■ **DIRECTIONS FOR THIS TASK**
In the records below, the line with "using insert.prems by (simp add: TT_def)" opens the range and the line with "using assms(1) by (simp add: right_diff_distrib)" closes it; print that range exactly and nothing else.

(Items from a data source)
== Segment start ==
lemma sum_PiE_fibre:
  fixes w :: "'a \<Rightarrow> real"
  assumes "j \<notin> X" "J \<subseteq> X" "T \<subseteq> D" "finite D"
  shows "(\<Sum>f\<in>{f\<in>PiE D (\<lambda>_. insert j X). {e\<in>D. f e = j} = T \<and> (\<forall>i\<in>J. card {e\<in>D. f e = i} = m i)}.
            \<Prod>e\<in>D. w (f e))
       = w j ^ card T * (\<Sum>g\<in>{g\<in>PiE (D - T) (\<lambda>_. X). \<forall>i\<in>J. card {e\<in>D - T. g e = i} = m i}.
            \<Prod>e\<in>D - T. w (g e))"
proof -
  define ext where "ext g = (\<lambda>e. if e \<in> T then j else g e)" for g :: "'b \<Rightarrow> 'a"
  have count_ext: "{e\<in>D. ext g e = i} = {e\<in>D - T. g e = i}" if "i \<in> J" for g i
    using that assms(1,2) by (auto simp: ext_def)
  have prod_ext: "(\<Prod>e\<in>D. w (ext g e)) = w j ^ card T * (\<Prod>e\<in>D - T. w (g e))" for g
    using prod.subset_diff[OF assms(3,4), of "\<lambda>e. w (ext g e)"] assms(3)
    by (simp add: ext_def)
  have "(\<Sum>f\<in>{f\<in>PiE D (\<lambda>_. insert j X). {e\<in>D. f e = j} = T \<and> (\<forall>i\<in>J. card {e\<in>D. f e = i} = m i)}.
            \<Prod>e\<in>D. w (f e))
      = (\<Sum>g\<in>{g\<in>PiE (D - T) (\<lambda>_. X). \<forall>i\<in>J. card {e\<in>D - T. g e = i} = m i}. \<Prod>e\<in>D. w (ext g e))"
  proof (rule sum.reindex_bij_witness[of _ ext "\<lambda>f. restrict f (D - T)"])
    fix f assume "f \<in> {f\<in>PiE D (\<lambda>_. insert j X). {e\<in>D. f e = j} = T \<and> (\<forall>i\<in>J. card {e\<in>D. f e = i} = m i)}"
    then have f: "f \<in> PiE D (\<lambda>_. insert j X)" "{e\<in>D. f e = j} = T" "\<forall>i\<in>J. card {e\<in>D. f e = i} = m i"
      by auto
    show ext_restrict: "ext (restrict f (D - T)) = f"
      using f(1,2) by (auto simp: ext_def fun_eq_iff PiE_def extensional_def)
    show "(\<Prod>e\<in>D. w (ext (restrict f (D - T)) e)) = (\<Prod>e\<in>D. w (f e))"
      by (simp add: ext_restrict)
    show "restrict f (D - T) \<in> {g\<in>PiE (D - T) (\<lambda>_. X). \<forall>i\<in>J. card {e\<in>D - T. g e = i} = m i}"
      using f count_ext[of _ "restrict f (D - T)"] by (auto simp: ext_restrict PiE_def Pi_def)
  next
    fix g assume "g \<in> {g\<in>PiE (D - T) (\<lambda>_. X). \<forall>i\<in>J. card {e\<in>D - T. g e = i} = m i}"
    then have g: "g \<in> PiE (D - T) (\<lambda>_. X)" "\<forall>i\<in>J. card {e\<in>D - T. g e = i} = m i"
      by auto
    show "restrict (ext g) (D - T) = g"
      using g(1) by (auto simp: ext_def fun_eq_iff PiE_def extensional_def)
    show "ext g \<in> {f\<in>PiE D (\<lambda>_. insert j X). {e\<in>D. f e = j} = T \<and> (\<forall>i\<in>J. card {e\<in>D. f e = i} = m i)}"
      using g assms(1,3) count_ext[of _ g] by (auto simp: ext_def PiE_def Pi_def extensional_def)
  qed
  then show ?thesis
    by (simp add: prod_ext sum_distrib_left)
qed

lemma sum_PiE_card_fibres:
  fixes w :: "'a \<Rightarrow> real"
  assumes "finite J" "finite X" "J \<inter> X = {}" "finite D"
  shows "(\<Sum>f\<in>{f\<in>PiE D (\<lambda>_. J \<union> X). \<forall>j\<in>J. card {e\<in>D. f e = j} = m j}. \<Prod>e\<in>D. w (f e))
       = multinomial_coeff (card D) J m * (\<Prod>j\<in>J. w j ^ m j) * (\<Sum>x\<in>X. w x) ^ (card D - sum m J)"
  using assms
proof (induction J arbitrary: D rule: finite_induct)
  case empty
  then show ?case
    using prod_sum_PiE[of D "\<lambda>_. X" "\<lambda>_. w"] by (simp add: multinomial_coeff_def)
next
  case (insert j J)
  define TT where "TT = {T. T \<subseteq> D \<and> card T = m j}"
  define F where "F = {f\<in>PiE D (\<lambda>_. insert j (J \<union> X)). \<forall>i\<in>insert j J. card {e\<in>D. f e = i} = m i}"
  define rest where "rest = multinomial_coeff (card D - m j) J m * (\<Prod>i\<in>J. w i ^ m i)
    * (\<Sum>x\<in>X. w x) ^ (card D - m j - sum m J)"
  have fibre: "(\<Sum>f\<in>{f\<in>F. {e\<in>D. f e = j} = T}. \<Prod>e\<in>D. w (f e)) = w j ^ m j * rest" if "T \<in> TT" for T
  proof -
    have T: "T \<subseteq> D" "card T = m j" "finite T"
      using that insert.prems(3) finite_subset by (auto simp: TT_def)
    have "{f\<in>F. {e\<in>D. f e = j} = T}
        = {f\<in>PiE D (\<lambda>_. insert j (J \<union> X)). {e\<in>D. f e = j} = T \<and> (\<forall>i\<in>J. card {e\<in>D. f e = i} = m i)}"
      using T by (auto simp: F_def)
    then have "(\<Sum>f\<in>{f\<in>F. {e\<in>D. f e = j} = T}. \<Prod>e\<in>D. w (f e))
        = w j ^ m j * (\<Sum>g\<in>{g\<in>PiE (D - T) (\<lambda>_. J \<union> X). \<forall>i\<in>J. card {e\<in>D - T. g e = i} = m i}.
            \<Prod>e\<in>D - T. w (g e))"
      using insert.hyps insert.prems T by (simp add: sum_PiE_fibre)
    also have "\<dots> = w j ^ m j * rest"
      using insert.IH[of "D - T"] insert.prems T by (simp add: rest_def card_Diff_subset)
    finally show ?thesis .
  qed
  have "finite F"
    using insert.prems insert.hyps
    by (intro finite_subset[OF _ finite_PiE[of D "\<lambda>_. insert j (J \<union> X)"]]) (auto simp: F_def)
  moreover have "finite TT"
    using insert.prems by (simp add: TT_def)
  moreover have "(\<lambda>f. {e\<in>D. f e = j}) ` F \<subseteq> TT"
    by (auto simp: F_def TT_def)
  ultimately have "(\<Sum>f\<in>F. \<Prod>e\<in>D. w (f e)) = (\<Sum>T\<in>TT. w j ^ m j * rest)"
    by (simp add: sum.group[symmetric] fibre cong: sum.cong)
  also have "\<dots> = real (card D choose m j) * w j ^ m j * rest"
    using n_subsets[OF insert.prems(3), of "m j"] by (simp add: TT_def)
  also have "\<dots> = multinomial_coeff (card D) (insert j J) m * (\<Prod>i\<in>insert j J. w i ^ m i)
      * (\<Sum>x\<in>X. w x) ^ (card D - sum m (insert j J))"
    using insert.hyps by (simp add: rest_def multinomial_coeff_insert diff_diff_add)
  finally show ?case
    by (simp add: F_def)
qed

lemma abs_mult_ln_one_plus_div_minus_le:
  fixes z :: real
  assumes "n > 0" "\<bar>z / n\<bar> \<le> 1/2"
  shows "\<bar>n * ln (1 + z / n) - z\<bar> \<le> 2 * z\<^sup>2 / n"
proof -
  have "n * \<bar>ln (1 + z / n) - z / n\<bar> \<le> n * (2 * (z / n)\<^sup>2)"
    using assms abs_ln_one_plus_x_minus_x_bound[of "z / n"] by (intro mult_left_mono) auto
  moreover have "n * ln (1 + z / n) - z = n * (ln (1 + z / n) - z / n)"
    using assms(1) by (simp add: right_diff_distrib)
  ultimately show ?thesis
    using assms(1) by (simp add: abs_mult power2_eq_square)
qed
== Segment end ==
■ **EXERCISE ANSWER**
    using insert.prems by (simp add: TT_def)
  moreover have "(\<lambda>f. {e\<in>D. f e = j}) ` F \<subseteq> TT"
    by (auto simp: F_def TT_def)
  ultimately have "(\<Sum>f\<in>F. \<Prod>e\<in>D. w (f e)) = (\<Sum>T\<in>TT. w j ^ m j * rest)"
    by (simp add: sum.group[symmetric] fibre cong: sum.cong)
  also have "\<dots> = real (card D choose m j) * w j ^ m j * rest"
    using n_subsets[OF insert.prems(3), of "m j"] by (simp add: TT_def)
  also have "\<dots> = multinomial_coeff (card D) (insert j J) m * (\<Prod>i\<in>insert j J. w i ^ m i)
      * (\<Sum>x\<in>X. w x) ^ (card D - sum m (insert j J))"
    using insert.hyps by (simp add: rest_def multinomial_coeff_insert diff_diff_add)
  finally show ?case
    by (simp add: F_def)
qed

lemma abs_mult_ln_one_plus_div_minus_le:
  fixes z :: real
  assumes "n > 0" "\<bar>z / n\<bar> \<le> 1/2"
  shows "\<bar>n * ln (1 + z / n) - z\<bar> \<le> 2 * z\<^sup>2 / n"
proof -
  have "n * \<bar>ln (1 + z / n) - z / n\<bar> \<le> n * (2 * (z / n)\<^sup>2)"
    using assms abs_ln_one_plus_x_minus_x_bound[of "z / n"] by (intro mult_left_mono) auto
  moreover have "n * ln (1 + z / n) - z = n * (ln (1 + z / n) - z / n)"
    using assms(1) by (simp add: right_diff_distrib)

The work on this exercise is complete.